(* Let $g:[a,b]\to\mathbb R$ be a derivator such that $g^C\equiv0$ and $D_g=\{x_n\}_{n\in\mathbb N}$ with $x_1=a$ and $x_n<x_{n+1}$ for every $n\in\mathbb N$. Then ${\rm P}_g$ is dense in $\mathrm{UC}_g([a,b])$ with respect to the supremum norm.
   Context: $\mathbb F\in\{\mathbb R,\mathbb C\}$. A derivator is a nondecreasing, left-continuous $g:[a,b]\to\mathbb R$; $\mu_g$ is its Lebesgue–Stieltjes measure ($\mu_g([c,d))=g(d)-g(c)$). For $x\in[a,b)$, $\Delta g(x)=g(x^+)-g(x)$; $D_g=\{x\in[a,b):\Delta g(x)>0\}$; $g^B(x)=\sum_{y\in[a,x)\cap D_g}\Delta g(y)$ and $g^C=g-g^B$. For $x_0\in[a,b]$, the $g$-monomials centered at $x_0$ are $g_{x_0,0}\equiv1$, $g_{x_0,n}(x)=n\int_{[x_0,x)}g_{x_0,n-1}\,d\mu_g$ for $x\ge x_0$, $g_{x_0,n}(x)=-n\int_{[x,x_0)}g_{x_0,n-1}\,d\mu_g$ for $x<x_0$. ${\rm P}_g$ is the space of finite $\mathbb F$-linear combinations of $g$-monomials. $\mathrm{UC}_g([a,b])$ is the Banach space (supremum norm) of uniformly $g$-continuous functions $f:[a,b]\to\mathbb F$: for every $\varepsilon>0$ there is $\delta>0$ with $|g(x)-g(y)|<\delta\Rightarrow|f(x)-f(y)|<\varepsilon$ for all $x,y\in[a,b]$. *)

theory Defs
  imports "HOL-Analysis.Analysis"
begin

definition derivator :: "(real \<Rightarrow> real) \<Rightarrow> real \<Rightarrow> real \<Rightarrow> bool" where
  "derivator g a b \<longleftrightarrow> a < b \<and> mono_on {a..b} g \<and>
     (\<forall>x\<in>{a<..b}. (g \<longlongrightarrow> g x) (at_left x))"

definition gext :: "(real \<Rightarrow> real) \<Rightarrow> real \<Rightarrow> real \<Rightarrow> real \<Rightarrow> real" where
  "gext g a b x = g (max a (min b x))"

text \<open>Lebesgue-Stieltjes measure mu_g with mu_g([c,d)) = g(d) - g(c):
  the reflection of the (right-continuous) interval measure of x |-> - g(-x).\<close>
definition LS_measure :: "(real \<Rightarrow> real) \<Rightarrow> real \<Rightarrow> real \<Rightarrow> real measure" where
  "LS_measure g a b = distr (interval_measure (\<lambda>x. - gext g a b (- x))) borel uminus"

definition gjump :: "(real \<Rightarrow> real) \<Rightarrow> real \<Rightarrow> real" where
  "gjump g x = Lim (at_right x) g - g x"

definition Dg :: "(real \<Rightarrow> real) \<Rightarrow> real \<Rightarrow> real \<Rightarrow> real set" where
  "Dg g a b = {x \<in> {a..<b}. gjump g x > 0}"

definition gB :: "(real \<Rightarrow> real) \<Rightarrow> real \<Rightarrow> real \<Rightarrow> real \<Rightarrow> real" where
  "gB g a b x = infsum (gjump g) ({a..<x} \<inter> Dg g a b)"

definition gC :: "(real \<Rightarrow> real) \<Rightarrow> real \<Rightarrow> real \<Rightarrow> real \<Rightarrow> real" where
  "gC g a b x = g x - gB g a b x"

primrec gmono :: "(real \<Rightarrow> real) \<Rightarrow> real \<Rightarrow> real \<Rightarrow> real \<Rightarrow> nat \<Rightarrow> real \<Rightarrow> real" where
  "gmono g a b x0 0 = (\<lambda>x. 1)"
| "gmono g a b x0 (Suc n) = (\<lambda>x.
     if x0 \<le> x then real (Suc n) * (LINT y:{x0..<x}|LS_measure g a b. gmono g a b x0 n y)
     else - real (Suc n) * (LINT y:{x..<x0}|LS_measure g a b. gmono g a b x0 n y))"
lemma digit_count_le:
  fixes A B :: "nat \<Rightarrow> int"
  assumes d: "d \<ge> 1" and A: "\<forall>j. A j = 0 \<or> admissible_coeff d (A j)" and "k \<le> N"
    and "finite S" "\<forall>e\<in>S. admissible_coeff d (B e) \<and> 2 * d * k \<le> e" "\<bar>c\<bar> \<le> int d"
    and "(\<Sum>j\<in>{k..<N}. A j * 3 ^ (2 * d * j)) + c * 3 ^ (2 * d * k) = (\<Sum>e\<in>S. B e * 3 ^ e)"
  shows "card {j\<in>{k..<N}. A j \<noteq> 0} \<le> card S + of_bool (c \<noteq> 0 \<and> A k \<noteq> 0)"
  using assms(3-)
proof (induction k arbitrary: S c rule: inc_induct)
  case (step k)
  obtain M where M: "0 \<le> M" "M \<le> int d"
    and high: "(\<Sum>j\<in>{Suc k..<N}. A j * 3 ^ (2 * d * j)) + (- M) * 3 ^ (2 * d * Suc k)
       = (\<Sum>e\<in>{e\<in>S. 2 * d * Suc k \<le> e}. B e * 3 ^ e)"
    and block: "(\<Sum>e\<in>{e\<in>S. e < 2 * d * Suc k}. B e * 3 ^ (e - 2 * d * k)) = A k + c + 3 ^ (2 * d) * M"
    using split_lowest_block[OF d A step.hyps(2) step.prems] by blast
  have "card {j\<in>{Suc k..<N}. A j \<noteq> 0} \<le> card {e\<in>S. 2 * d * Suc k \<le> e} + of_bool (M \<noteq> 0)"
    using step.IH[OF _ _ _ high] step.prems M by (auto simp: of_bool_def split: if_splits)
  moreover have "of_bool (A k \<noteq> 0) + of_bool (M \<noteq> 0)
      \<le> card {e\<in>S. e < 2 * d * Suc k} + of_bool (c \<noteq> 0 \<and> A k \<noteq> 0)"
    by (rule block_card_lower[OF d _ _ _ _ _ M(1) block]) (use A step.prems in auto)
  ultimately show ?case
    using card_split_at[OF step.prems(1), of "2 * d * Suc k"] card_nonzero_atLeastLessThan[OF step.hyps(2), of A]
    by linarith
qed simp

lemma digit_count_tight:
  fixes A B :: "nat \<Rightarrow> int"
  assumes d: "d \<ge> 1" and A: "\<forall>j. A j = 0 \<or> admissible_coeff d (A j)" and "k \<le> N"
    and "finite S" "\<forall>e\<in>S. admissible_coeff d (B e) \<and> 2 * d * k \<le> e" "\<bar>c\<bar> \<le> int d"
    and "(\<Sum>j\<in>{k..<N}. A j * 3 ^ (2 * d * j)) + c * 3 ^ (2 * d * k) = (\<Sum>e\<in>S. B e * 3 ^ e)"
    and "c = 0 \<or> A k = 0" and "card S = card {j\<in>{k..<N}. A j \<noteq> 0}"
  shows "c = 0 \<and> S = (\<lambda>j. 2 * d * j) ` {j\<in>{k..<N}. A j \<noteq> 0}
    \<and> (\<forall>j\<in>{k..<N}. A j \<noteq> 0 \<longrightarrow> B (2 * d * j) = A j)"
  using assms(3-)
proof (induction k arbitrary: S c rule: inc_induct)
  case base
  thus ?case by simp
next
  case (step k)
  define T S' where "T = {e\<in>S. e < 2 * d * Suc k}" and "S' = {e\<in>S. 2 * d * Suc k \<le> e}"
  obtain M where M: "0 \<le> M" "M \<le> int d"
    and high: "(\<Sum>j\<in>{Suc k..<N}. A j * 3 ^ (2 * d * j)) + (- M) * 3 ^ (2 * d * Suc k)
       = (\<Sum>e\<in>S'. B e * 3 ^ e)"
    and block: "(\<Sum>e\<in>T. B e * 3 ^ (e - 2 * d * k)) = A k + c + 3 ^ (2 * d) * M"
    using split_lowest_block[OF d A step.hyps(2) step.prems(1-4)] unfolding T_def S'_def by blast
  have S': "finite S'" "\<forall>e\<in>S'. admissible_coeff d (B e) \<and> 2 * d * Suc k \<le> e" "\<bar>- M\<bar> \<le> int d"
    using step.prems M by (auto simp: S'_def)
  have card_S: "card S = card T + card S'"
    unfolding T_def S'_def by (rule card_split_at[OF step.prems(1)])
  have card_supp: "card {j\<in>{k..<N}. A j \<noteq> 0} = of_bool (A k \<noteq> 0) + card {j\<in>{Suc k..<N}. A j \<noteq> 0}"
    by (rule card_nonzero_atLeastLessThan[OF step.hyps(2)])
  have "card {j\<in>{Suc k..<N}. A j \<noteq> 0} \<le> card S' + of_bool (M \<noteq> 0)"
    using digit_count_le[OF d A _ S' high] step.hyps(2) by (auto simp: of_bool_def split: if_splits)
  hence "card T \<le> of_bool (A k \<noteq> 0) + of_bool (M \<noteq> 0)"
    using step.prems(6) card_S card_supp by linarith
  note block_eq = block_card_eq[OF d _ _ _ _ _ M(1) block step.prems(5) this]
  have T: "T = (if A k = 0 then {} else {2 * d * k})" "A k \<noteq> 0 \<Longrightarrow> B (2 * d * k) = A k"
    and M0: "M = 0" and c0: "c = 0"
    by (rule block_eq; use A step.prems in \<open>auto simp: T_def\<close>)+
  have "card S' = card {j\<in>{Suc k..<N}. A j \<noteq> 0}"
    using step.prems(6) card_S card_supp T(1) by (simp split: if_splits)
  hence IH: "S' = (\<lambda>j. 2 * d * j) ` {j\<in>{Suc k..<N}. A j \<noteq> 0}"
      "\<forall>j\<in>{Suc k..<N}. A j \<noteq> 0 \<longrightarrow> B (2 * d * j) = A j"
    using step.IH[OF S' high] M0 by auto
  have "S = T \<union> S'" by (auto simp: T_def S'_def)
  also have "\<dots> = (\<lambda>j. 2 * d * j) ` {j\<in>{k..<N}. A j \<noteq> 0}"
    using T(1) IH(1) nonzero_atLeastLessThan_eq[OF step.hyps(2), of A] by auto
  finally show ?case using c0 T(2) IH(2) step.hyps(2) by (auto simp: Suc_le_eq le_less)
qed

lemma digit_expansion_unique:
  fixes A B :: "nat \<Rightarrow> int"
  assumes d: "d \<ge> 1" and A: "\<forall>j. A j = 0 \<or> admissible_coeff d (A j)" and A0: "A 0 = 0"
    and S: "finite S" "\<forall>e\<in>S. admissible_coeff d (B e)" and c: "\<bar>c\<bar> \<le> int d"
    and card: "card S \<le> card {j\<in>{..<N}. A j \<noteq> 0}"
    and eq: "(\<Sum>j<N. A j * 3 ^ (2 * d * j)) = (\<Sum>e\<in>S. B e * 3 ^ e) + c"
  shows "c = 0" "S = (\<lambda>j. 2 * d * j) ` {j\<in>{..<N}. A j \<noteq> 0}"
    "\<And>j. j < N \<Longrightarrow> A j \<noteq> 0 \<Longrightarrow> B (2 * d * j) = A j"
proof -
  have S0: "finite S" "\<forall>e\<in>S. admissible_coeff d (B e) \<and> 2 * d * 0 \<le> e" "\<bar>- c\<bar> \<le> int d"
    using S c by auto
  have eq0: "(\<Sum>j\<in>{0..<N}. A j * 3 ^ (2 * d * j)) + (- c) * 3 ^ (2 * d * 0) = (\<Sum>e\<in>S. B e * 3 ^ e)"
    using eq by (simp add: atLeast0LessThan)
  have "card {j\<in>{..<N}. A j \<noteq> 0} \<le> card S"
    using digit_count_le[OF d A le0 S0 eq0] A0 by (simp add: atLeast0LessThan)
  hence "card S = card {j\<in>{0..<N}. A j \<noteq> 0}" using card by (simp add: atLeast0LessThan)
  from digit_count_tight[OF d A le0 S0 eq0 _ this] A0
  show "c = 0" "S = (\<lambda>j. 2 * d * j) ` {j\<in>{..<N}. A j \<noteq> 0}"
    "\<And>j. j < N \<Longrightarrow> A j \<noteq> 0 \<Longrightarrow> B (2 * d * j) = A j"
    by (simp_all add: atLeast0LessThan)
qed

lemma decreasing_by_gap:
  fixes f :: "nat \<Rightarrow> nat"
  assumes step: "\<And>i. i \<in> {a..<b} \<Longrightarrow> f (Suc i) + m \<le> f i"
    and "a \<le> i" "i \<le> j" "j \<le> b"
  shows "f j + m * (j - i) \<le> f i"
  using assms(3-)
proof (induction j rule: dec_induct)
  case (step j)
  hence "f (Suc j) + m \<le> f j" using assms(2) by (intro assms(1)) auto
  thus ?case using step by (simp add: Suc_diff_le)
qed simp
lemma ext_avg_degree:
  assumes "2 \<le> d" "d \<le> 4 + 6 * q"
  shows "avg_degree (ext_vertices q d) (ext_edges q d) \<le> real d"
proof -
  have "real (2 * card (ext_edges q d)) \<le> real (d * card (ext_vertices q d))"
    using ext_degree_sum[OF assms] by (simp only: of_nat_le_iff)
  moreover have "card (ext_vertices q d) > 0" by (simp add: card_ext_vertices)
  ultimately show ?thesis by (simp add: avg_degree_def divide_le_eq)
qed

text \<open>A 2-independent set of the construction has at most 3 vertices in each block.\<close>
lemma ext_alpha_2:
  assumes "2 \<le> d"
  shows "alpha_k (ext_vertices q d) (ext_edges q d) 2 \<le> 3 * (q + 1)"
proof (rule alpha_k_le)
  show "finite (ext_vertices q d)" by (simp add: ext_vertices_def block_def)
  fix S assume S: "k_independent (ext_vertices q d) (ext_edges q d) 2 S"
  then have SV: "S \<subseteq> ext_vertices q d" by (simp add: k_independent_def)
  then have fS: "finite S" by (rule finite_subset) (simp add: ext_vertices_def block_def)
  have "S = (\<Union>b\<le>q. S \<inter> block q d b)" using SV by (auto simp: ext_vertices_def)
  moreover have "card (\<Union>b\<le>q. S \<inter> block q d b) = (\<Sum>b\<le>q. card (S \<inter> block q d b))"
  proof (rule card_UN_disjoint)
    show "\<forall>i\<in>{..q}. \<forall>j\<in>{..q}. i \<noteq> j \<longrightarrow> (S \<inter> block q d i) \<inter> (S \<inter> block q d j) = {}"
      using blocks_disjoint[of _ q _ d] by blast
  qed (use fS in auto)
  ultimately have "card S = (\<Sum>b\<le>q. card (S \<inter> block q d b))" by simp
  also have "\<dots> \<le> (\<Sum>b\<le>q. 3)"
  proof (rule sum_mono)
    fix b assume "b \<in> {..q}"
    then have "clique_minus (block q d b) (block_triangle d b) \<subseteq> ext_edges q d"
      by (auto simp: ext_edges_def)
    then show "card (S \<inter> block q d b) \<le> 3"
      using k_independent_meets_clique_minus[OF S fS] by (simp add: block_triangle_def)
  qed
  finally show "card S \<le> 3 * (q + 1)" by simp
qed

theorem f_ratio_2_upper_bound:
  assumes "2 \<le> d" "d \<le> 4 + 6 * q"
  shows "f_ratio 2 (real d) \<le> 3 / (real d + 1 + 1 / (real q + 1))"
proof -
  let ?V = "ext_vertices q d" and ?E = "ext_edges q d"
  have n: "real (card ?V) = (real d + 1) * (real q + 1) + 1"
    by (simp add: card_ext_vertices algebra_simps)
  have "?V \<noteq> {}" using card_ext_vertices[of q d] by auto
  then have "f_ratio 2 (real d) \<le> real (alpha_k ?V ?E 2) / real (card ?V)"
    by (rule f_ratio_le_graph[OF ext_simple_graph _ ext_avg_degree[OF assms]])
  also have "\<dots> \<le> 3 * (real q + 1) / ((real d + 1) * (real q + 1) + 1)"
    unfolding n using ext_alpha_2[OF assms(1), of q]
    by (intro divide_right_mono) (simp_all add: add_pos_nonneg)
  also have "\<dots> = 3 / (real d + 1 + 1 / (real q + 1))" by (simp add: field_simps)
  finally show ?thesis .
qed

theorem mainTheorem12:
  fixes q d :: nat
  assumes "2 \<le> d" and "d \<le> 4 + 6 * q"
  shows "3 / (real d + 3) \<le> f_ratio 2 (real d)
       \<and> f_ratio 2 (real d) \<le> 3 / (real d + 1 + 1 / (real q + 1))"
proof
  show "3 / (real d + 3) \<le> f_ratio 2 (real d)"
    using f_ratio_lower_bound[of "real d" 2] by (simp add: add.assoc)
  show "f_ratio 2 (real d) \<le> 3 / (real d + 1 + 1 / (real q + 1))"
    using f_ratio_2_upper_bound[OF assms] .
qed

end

************

■ **Exercise prompt**: Your task is to copy every line in the entries that holds the string "unfolding".

■ **Answer section**:
    using split_lowest_block[OF d A step.hyps(2) step.prems(1-4)] unfolding T_def S'_def by blast
    unfolding T_def S'_def by (rule card_split_at[OF step.prems(1)])
    unfolding n using ext_alpha_2[OF assms(1), of q]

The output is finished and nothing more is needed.